What was very striking was how the panelists – an incredible group of leaders who really know about bringing matters in-house and managing the discovery process – have truly become knowledgeable about their respective companies’ IT departments. They're very familiar with IT -- something that likely could not have been said of most attorneys even just a few years ago. This sheds a little more light on the demands of the discovery process today.

Even though each of the panelists work within a large company with substantial IT departments, it was clear that the best practices they brought with them could apply to companies of any size. Creating a team often means including legal, IT, human resources, operations, outside partners – whoever touches the company’s data on a regular basis. And this team helps guide and monitor progress from through collection, production and review.

It’s also worth mentioning that the attorneys on this panel have collectively saved their companies tens of millions of dollars on the discovery process in a relatively short period of time.

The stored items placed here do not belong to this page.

(* Let $R=\mathbb{Z}[a]$ and $\Gamma$ be as below. For left $\Gamma$-modules $M,N$, the $R$-module $M\otimes_R N$ carries a well-defined left $\Gamma$-module structure extending its $R$-module structure, determined by \begin{align*} Q_0(x\otimes y) &= Q_0x\otimes Q_0y + 2\,Q_1x\otimes Q_2y+2\,Q_2x\otimes Q_1y,\\ Q_1(x\otimes y) &= Q_0x\otimes Q_1y + Q_1x\otimes Q_0y + a\,Q_1x\otimes Q_2y +a\, Q_2x\otimes Q_1y +2\, Q_2x\otimes Q_2y,\\ Q_2(x\otimes y) &= Q_0x\otimes Q_2y+Q_2x\otimes Q_0y+Q_1x\otimes Q_1y + a\, Q_2x\otimes Q_2y. \end{align*} With this tensor product and unit object $R$ (with its standard $\Gamma$-module structure, given by the $R$-module structure of $R$ together with $Q_0\cdot 1=1$, $Q_1\cdot 1=0$, $Q_2\cdot 1=0$), the category of left $\Gamma$-modules is a symmetric monoidal category. Moreover, for the element $\Psi = Q_0Q_0 +a\,Q_0Q_1 -2\,Q_1Q_1 +a^2\,Q_0Q_2 -2a\,Q_1Q_2 +4\,Q_2Q_2$ one has $\Psi(x\otimes y)=\Psi x\otimes \Psi y$ for all $x\in M$, $y\in N$.
   Context: $R=\mathbb{Z}[a]$ is a polynomial ring. $\Gamma$ is the associative ring equipped with a ring homomorphism $\eta\colon R\to\Gamma$, generated over $R$ by $Q_0,Q_1,Q_2$ subject to: (i) commutation relations: the $Q_i$ commute with elements of $\mathbb{Z}\subset R$, and $Q_0\,a = a^2Q_0-2aQ_1+6Q_2$, $Q_1\,a=3Q_0+aQ_2$, $Q_2\,a=-aQ_0+3Q_1$; (ii) adem relations: $Q_1Q_0=2Q_2Q_1-2Q_0Q_2$ and $Q_2Q_0=Q_0Q_1+aQ_0Q_2-2Q_1Q_2$. A $\Gamma$-module means a left $\Gamma$-module; it is an $R$-module via $\eta$. The standard $\Gamma$-module structure on $R$ is the unique one extending the $R$-module structure of $R$ with $Q_0\cdot1=1$, $Q_1\cdot 1=Q_2\cdot 1=0$. *)

theory Defs
  imports "HOL-Computational_Algebra.Polynomial"
begin

text \<open>Modules over R = Z[a] are abelian groups with an additive endomorphism
(the action of a).\<close>

record 'm gstr =
  act_a :: "'m \<Rightarrow> 'm"
  q0 :: "'m \<Rightarrow> 'm"
  q1 :: "'m \<Rightarrow> 'm"
  q2 :: "'m \<Rightarrow> 'm"

definition additive :: "('a::ab_group_add \<Rightarrow> 'b::ab_group_add) \<Rightarrow> bool" where
  "additive f \<longleftrightarrow> (\<forall>x y. f (x + y) = f x + f y)"

definition zsc :: "int \<Rightarrow> 'a::ab_group_add \<Rightarrow> 'a" where
  "zsc k x = (if 0 \<le> k then (\<Sum>i<nat k. x) else - (\<Sum>i<nat (- k). x))"

definition polyact :: "('m::ab_group_add \<Rightarrow> 'm) \<Rightarrow> int poly \<Rightarrow> 'm \<Rightarrow> 'm" where
  "polyact A r x = (\<Sum>i\<le>degree r. zsc (coeff r i) ((A ^^ i) x))"

definition gmod :: "'m::ab_group_add gstr \<Rightarrow> bool" where
  "gmod G \<longleftrightarrow> additive (act_a G) \<and> additive (q0 G) \<and> additive (q1 G) \<and> additive (q2 G) \<and>
    (\<forall>x. q0 G (act_a G x) = act_a G (act_a G (q0 G x)) - zsc 2 (act_a G (q1 G x)) + zsc 6 (q2 G x)) \<and>
    (\<forall>x. q1 G (act_a G x) = zsc 3 (q0 G x) + act_a G (q2 G x)) \<and>
    (\<forall>x. q2 G (act_a G x) = - act_a G (q0 G x) + zsc 3 (q1 G x)) \<and>
    (\<forall>x. q1 G (q0 G x) = zsc 2 (q2 G (q1 G x)) - zsc 2 (q0 G (q2 G x))) \<and>
    (\<forall>x. q2 G (q0 G x) = q0 G (q1 G x) + act_a G (q0 G (q2 G x)) - zsc 2 (q1 G (q2 G x)))"

definition glin :: "'m::ab_group_add gstr \<Rightarrow> 'n::ab_group_add gstr \<Rightarrow> ('m \<Rightarrow> 'n) \<Rightarrow> bool" where
  "glin G H f \<longleftrightarrow> additive f \<and>
    (\<forall>x. f (act_a G x) = act_a H (f x)) \<and> (\<forall>x. f (q0 G x) = q0 H (f x)) \<and>
    (\<forall>x. f (q1 G x) = q1 H (f x)) \<and> (\<forall>x. f (q2 G x) = q2 H (f x))"

text \<open>The tensor product over R, via its standard construction: the free abelian group
on pairs modulo the subgroup generated by biadditivity and a-balancing relations.\<close>

definition delta :: "'a \<Rightarrow> 'a \<Rightarrow> int" where
  "delta p q = (if q = p then 1 else 0)"

inductive_set tens_rel :: "('m::ab_group_add \<Rightarrow> 'm) \<Rightarrow> ('n::ab_group_add \<Rightarrow> 'n) \<Rightarrow> ('m \<times> 'n \<Rightarrow> int) set"
  for AM AN where
  zero: "(\<lambda>_. 0) \<in> tens_rel AM AN"
| add: "s \<in> tens_rel AM AN \<Longrightarrow> t \<in> tens_rel AM AN \<Longrightarrow> (\<lambda>p. s p + t p) \<in> tens_rel AM AN"
| neg: "s \<in> tens_rel AM AN \<Longrightarrow> (\<lambda>p. - s p) \<in> tens_rel AM AN"
| addl: "(\<lambda>p. delta (x + x', y) p - delta (x, y) p - delta (x', y) p) \<in> tens_rel AM AN"
| addr: "(\<lambda>p. delta (x, y + y') p - delta (x, y) p - delta (x, y') p) \<in> tens_rel AM AN"
| bal: "(\<lambda>p. delta (AM x, y) p - delta (x, AN y) p) \<in> tens_rel AM AN"

definition fsupp :: "('a \<Rightarrow> int) \<Rightarrow> bool" where
  "fsupp s \<longleftrightarrow> finite {p. s p \<noteq> 0}"

definition teval :: "('m \<Rightarrow> 'n \<Rightarrow> 't::ab_group_add) \<Rightarrow> ('m \<times> 'n \<Rightarrow> int) \<Rightarrow> 't" where
  "teval tp s = (\<Sum>p\<in>{p. s p \<noteq> 0}. zsc (s p) (tp (fst p) (snd p)))"

definition is_tensor :: "('m::ab_group_add \<Rightarrow> 'm) \<Rightarrow> ('n::ab_group_add \<Rightarrow> 'n) \<Rightarrow> ('t::ab_group_add \<Rightarrow> 't)
    \<Rightarrow> ('m \<Rightarrow> 'n \<Rightarrow> 't) \<Rightarrow> bool" where
  "is_tensor AM AN AT tp \<longleftrightarrow> additive AT \<and>
    (\<forall>x x' y. tp (x + x') y = tp x y + tp x' y) \<and>
    (\<forall>x y y'. tp x (y + y') = tp x y + tp x y') \<and>
    (\<forall>x y. tp (AM x) y = AT (tp x y)) \<and> (\<forall>x y. tp x (AN y) = AT (tp x y)) \<and>
    (\<forall>z. \<exists>s. fsupp s \<and> z = teval tp s) \<and>
    (\<forall>s. fsupp s \<longrightarrow> (teval tp s = 0 \<longleftrightarrow> s \<in> tens_rel AM AN))"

Talk about demonstrating the value of the legal department ...

Creating Your Own Discovery Team
Panelists: Senior attorneys from Fidelity Investments, Cox Communications, Hospital Corporation of America (HCA), Georgia-Pacific
Moderator: Candice Reed (Executive Director, Counsel On Call)

Summary of Dialogue
IT staff is critical to the team as well as representatives of other departments specific to your business. Know the people on your team; trust them. Know where the data is located. Know your systems. Trust your company knowledge, which surpasses that of a law firm.

The discussion began with a statement: E-discovery is a management task. Those in charge of discovery cannot be afraid of technology, must serve as traffic cop and coordinator, and need to be a “techie” who can talk to lawyers. When choosing members for your discovery team, it’s about 1) Having the right people on the team, and 2) Trusting your own judgment that you have put the right people on the team. One panelist said her team meets weekly.

Another panelist said she received incredible pushback from her outside law firm when she decided to build a discovery team in-house. Her team includes attorneys with employment and patent experience, a paralegal, representatives from the IT department, as well as a person from the legal department dedicated to e-discovery (who has since been moved to another department and not directly replaced). The team meets once a month.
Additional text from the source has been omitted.